Notice that $x + 2 {a}^{2} - a$ is just $x$ with the added constant $2 {a}^{2} - a$. This makes the substitution $u = x + 2 {a}^{2} - a$ not too difficult, since $\mathrm{du} = \mathrm{dx}$.

We can substitute this directly into the integral, but remember that the bounds will change as we move from $x$ to $u$. The bound $x = a$ will become $u = \left(a\right) + 2 {a}^{2} - a = 2 {a}^{2}$ and the bound $x = - a$ becomes $u = \left(- a\right) + 2 {a}^{2} - a = 2 {a}^{2} - 2 a$.

We then see that:

${\int}_{- a}^{a} \cos \left(x + 2 {a}^{2} - a\right) \mathrm{dx} = {\int}_{2 {a}^{2} - 2 a}^{2 {a}^{2}} \cos \left(u\right) \mathrm{du}$

The integral of cosine is just sine:

=[sin(u)]_(2a^2-2a)^(2a^2)=color(blue)(sin(2a^2)-sin(2a^2-2a)#

Which is not equivalent to what you stated. You may have attempted to do ${\left[\sin \left(u\right)\right]}_{2 {a}^{2} - 2 a}^{2 {a}^{2}} = \sin \left(2 {a}^{2} - \left(2 {a}^{2} - 2 a\right)\right)$, but this is not how to properly evaluate the function.

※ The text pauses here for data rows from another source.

lemma inj_on_pinned:
  assumes "\<theta> \<in> edges N"
  shows "inj_on (pinned \<theta> j) {P \<in> Omega N \<theta>. j \<in> P}"
proof (rule inj_on_inverseI[where g = "\<lambda>Q. insert j (if j \<in> \<theta> then Q - {other \<theta> j} else Q)"])
  fix P assume P: "P \<in> {P \<in> Omega N \<theta>. j \<in> P}"
  show "insert j (if j \<in> \<theta> then pinned \<theta> j P - {other \<theta> j} else pinned \<theta> j P) = P"
  proof (cases "j \<in> \<theta>")
    case True
    note o = edge_other[OF assms True]
    have "other \<theta> j \<notin> P"
      using P Omega_doubleton_iff[OF o(2)[symmetric], of P N] o(1) by auto
    then show ?thesis using P True o(2) by (auto simp: pinned_def)
  qed (use P in \<open>auto simp: pinned_def\<close>)
qed

lemma finite_perms: "finite (perms N \<theta>)"
  by (simp add: perms_eq_ext_bijections finite_ext_bijections finite_Omega)

lemma perms_nonempty: "\<theta> \<in> edges N \<Longrightarrow> perms N \<theta> \<noteq> {}"
  unfolding perms_eq_ext_bijections
  by (rule ext_bijections_nonempty) (simp_all add: finite_Omega card_Omega)

lemma finite_labellings: "finite (labellings N j)"
  by (simp add: finite_ext_bijections finite_nbhd)

lemma labellings_nonempty: "j \<in> {1..N} \<Longrightarrow> labellings N j \<noteq> {}"
  by (rule ext_bijections_nonempty) (simp_all add: card_Pow_nbhd finite_nbhd)

lemma completions_subset_labellings: "completions N \<theta> \<pi> j \<subseteq> labellings N j"
  by (auto simp: completions_eq)

lemma finite_completions: "finite (completions N \<theta> \<pi> j)"
  using finite_subset[OF completions_subset_labellings finite_labellings] .

lemma completions_nonempty:
  assumes "\<theta> \<in> edges N" "j \<in> {1..N}" "\<pi> \<in> perms N \<theta>"
  shows "completions N \<theta> \<pi> j \<noteq> {}"
proof -
  define \<Omega>\<^sub>j where "\<Omega>\<^sub>j = {P \<in> Omega N \<theta>. j \<in> P}"
  let ?A = "pinned \<theta> j ` \<Omega>\<^sub>j" and ?f = "\<pi> \<circ> inv_into \<Omega>\<^sub>j (pinned \<theta> j)"
  have \<pi>: "bij_betw \<pi> (Omega N \<theta>) {1..flen N}"
    using assms(3) by (simp add: perms_eq_ext_bijections ext_bijections_def)
  have inj: "inj_on (pinned \<theta> j) \<Omega>\<^sub>j"
    unfolding \<Omega>\<^sub>j_def by (rule inj_on_pinned[OF assms(1)])
  have "bij_betw ?f ?A (\<pi> ` \<Omega>\<^sub>j)"
    using bij_betw_inv_into[OF inj_on_imp_bij_betw[OF inj]]
      inj_on_imp_bij_betw[OF inj_on_subset[OF bij_betw_imp_inj_on[OF \<pi>]]]
    by (rule bij_betw_trans) (auto simp: \<Omega>\<^sub>j_def)
  then have "inj_on ?f ?A" "?f ` ?A \<subseteq> {1..flen N}"
    using \<pi> by (auto simp: bij_betw_def \<Omega>\<^sub>j_def)
  moreover have "?A \<subseteq> Pow (nbhd N j)"
    using pinned_mem[OF assms(1)] by (auto simp: \<Omega>\<^sub>j_def)
  moreover have "finite (Pow (nbhd N j))" "card (Pow (nbhd N j)) = card {1..flen N}"
    using card_Pow_nbhd[OF assms(2)] by (simp_all add: finite_nbhd)
  ultimately obtain g where
    g: "bij_betw g (Pow (nbhd N j)) {1..flen N}" "\<And>Q. Q \<in> ?A \<Longrightarrow> g Q = ?f Q"
    using bij_betw_extend[of "Pow (nbhd N j)" "{1..flen N}" ?A ?f] by blast
  have "restrict g (Pow (nbhd N j)) \<in> completions N \<theta> \<pi> j"
    using restrict_in_ext_bijections[OF g(1)] g(2) pinned_mem[OF assms(1)] inj
    by (auto simp: completions_eq \<Omega>\<^sub>j_def)
  then show ?thesis by blast
qed

lemma query_distE:
  assumes "\<theta> \<in> edges N" "\<sigma> \<in> set_pmf (query_dist N \<theta>)"
  obtains \<pi> where "\<pi> \<in> perms N \<theta>" "\<sigma> \<in> PiE {1..N} (completions N \<theta> \<pi>)"
proof -
  have "finite (PiE {1..N} (completions N \<theta> \<pi>))" for \<pi>
    by (intro finite_PiE) (auto simp: finite_completions)
  moreover have "PiE {1..N} (completions N \<theta> \<pi>) \<noteq> {}" if "\<pi> \<in> perms N \<theta>" for \<pi>
    using completions_nonempty[OF assms(1) _ that] by (auto simp: PiE_eq_empty_iff)
  ultimately show ?thesis
    using that assms(2) finite_perms perms_nonempty[OF assms(1)] by (auto simp: query_dist_def)
qed

lemma set_pmf_schemeD:
  assumes "N \<ge> 2" "(\<theta>, W, \<sigma>) \<in> set_pmf (scheme N)"
  shows "\<theta> \<in> edges N" "W \<in> file_space N" "\<sigma> \<in> set_pmf (query_dist N \<theta>)"
  using assms finite_edges edges_nonempty finite_file_space file_space_nonempty
  by (auto simp: scheme_def)

section \<open>Privacy\<close>

lemma relabel_in_completions:
  assumes "\<theta> \<in> edges N" "s \<in> completions N \<theta> \<pi> j" "bij_betw \<tau> {1..flen N} {1..flen N}"
  shows "relabel \<tau> (Pow (nbhd N j)) s \<in> completions N \<theta> (relabel \<tau> (Omega N \<theta>) \<pi>) j"
  using assms relabel_in_ext_bijections[OF assms(3)] pinned_mem[OF assms(1)]
  by (auto simp: completions_eq relabel_def)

You could also get a "simpler" answer using the sine difference to product formula: $\sin \left(\alpha\right) - \sin \left(\beta\right) = 2 \cos \left(\frac{\alpha + \beta}{2}\right) \sin \left(\frac{\alpha - \beta}{2}\right)$.

Here that gives the reduction:

$= 2 \cos \left(\frac{2 {a}^{2} + 2 {a}^{2} - 2 a}{2}\right) \sin \left(\frac{2 {a}^{2} - \left(2 {a}^{2} - 2 a\right)}{2}\right) = 2 \cos \left(2 {a}^{2} - a\right) \sin \left(- a\right)$

Upon re-examining this, perhaps you want a solution for $a$.

In that case, we want that $2 \cos \left(2 {a}^{2} - a\right) \sin \left(- a\right) = - \sin \left(2 a\right)$.

Note that $- \sin \left(2 a\right) = - 2 \cos \left(a\right) \sin \left(a\right)$. Also note that $2 \cos \left(2 {a}^{2} - a\right) \sin \left(- a\right) = - 2 \cos \left(2 {a}^{2} - a\right) \sin \left(a\right)$. So, the two are equal when $\cos \left(2 {a}^{2} - a\right) = \cos \left(a\right)$, which occurs when $2 {a}^{2} - a = a$.

Solving this yields $2 {a}^{2} - 2 a = 2 a \left(a - 1\right) = 0$, so $a = 0$ or $a = 1$.